El
debut en Hollywood del noruego Morten Tyldum es una interesante película sobre
el descubrimiento científico más importante de la década de los cuarenta y que
pudo suponer la inclinación de la balanza hacia el lado de los aliados durante
la II Guerra Mundial.
Sin
embargo, podría parecer también un vehículo destinado solamente al lucimiento
de uno de los actores más en forma del panorama actual, un Benedict Cumberbatch
que se hace dueño y señor del film y llena la pantalla en cada plano en que aparece,
que –también es cierto- son la mayoría.
Emparentado
a simple vista con su televisivo Sherlock,
Alan Turing es un personaje de inteligencia extrema, calculador y
extremadamente lógico, pero a la vez incapaz de mostrar cualquier síntoma de
empatía con su entorno. Engreído, soberbio y cruelmente sincero, el problema de
Turing no es que esté por encima de los demás, sino que es plenamente
consciente de ello. Por eso el programa secreto en el que participa junto a
otros matemáticos para desvelar las
claves de las comunicaciones encriptadas de los nazis (mediante el ingenio
denominado Enigma) parece condenado al fracaso. Pero su dedicación absoluta y
obsesiva, junto con la entrada en el proyecto de Joan Clarke (¡¡una mujer inteligente
en un mundo de hombres!! ¡qué escándalo!), que logrará sacar el lado más humano
de Turing hasta hacer que colabore con sus compañeros, propiciará que se
invente una máquina (antecedente de los ordenadores actuales) que interprete
los mensajes alemanes y permita a los aliados anticiparse a sus movimientos.

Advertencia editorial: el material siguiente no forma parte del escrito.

lemma left_dini_if_rate:
  fixes F :: "real \<Rightarrow> real"
  assumes rate: "\<forall>\<epsilon>>0. \<forall>\<^sub>F s in at_right 0. (c - \<epsilon>) * s \<le> F (t - s) - F t" and "0 \<le> c"
  shows "\<forall>\<epsilon>>0. \<forall>\<^sub>F s in at_right 0. F t - F (t - s) \<le> \<epsilon> * s"
proof (intro allI impI)
  fix \<epsilon> :: real assume "\<epsilon> > 0"
  have "\<forall>\<^sub>F s in at_right 0. 0 \<le> c * s"
    using eventually_at_right_less[of 0] by eventually_elim (use \<open>0 \<le> c\<close> in simp)
  with rate \<open>\<epsilon> > 0\<close> show "\<forall>\<^sub>F s in at_right 0. F t - F (t - s) \<le> \<epsilon> * s"
    by (auto elim: eventually_elim2 simp: left_diff_distrib)
qed

lemma nonpos_if_eventually_rate_nonpos:
  fixes c :: real
  assumes "\<forall>\<epsilon>>0. \<forall>\<^sub>F s in at_right 0. (c - \<epsilon>) * s \<le> 0"
  shows "c \<le> 0"
proof (rule field_le_epsilon)
  fix \<epsilon> :: real assume "\<epsilon> > 0"
  with assms have "\<forall>\<^sub>F s in at_right 0. (c - \<epsilon>) * s \<le> 0 \<and> 0 < s"
    using eventually_at_right_less[of 0] by (auto intro: eventually_conj)
  then obtain s where "(c - \<epsilon>) * s \<le> 0" "0 < s"
    using eventually_happens'[OF trivial_limit_at_right_real] by blast
  then show "c \<le> 0 + \<epsilon>" by (simp add: mult_le_0_iff)
qed

section \<open>Energy dissipation along strong solutions\<close>

lemma lipschitz_on_if_gradient_lipschitz:
  fixes j :: "'a::real_inner \<Rightarrow> real"
  assumes "bounded C" "convex C" "C \<subseteq> U"
    and j': "\<And>u. u \<in> U \<Longrightarrow> (j has_derivative (\<lambda>h. inner (gj u) h)) (at u)"
    and gj_lip: "\<And>u v. u \<in> U \<Longrightarrow> v \<in> U \<Longrightarrow> norm (gj u - gj v) \<le> L * norm (u - v)"
  obtains M where "M-lipschitz_on C j"
proof (cases "C = {}")
  case True
  then show thesis using that[of 0] by simp
next
  case False
  then obtain c where "c \<in> C" by blast
  obtain R where R: "\<And>u. u \<in> C \<Longrightarrow> norm (u - c) \<le> R"
    using \<open>bounded C\<close> unfolding bounded_any_center[of _ c] by (auto simp: dist_norm norm_minus_commute)
  define B where "B = norm (gj c) + \<bar>L\<bar> * R"
  have gj_bound: "norm (gj u) \<le> B" if "u \<in> C" for u
  proof -
    have "norm (gj u - gj c) \<le> L * norm (u - c)"
      using gj_lip[of u c] \<open>c \<in> C\<close> that \<open>C \<subseteq> U\<close> by blast
    also have "\<dots> \<le> \<bar>L\<bar> * R" using R[OF that] by (intro mult_mono) auto
    finally show ?thesis unfolding B_def using norm_triangle_sub[of "gj u" "gj c"] by linarith
  qed
  have "0 \<le> B" using gj_bound[OF \<open>c \<in> C\<close>] norm_ge_zero order_trans by blast
  have "B-lipschitz_on C j"
  proof (rule bounded_derivative_imp_lipschitz[OF _ \<open>convex C\<close> _ \<open>0 \<le> B\<close>])
    show "(j has_derivative (\<lambda>h. inner (gj u) h)) (at u within C)" if "u \<in> C" for u
      using j'[of u] that \<open>C \<subseteq> U\<close> by (auto intro: has_derivative_at_withinI)
    show "onorm (\<lambda>h. inner (gj u) h) \<le> B" if "u \<in> C" for u
    proof (rule onorm_bound[OF \<open>0 \<le> B\<close>])
      fix h
      have "norm (inner (gj u) h) \<le> norm (gj u) * norm h" using Cauchy_Schwarz_ineq2 by simp
      also have "\<dots> \<le> B * norm h" using gj_bound[OF that] by (intro mult_right_mono) auto
      finally show "norm (inner (gj u) h) \<le> B * norm h" .
    qed
  qed
  then show thesis by (rule that)
qed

The imitation game (que es el nombre del primer estudio que publicó
Turing sobre su invento, mucho antes de entrar en el equipo secreto del
gobierno británico) es una drama basado en la historia real de este proyecto
que había permanecido oculto hasta hace un par de años y de un hombre que
realizó uno de los mayores avances científicos de la época y que, por su condición
de homosexual, no fue reconocido hasta ahora como el principal causante del
final de la guerra. Quizá el film no logra transmitir con acierto la
construcción de la máquina definitiva, llamada Christopher (quien no sea matemático, informático o ingeniero
seguramente no alcanzará a comprender como funciona exactamente el invento)
pero sí ahonda a la perfección en la psique del matemático protagonista,
empleando unos flashbacks para mostrar su infancia que, si bien al principio
parecen estorbar a la historia principal, a medida que las dos tramas avanzan
en paralelo lo sucedido en una termina influyendo en la otra, logrando un
paralelismo armónico y consecuente.
El
guion, obra del debutante Graham Moore a partir de un libro de Andrew Hodges,
roza la perfección para un relato de ficción, pero se muestra demasiado preciso
para tratarse de una historia real. Todo cuadra en su justa medida, todo se
estropea y se arregla justo cuando se tiene que estropear y arreglar, y eso
resta algo de verosimilitud a la historia que, por otro lado, se permite
invitar a la reflexión en temas como la homosexualidad o el poder de decisión
que, con el código Enigma descubierto, les permite decidir quién va a vivir y
quien va a morir en una de las guerras más horribles de la historia de la
humanidad (en cierto momento se dice, muy acertadamente, que están incluso por
encima de Dios).
Es
posible que, debido a la escasa experiencia de director y guionista para un
proyecto de cierta envergadura, falte algo de alma en la historia, pero allí
donde ellos no llegan se encuentra Cumberbatch, que si ya acostumbra a estar
excelente en personajes aparententemente tópicos (me viene a la memoria su Khan
de Star Trek: En la oscuridad y ardo
en deseos en verlo interpretar al Doctor
Extraño en el Universo Marvel) raya la perfección con interpretaciones más
complejas como su versión de Julian Assange o el esclavista Ford de 12 años de esclavitud. Aquí está
magistral, con unos matices que, como dije al principio, puede recordar mucho a
su Sherlock pero al que dota de una
humanidad y unas debilidades ocultas bajo su fachada de perfección que logra
que veamos las diferencias en el personaje de ficción que es el detective de
Baker Street y el personaje real que fue Alan Turing. Tanto es así que logra,
incluso, minimizar la aparición de secundarios de renombre como la cada vez más
excelente Keira Knightley, el enigmático Matthew Goode o las presencias siempre
efectivas de Mark Strong o Charles Dance.
En
definitiva, una interesante escenificación de un hecho que cambió la historia,
una reflexión sobre el poder de decisión y la represión social de la época y
una interpretación genial que debía llevar a Cumberbatch camino del Oscar.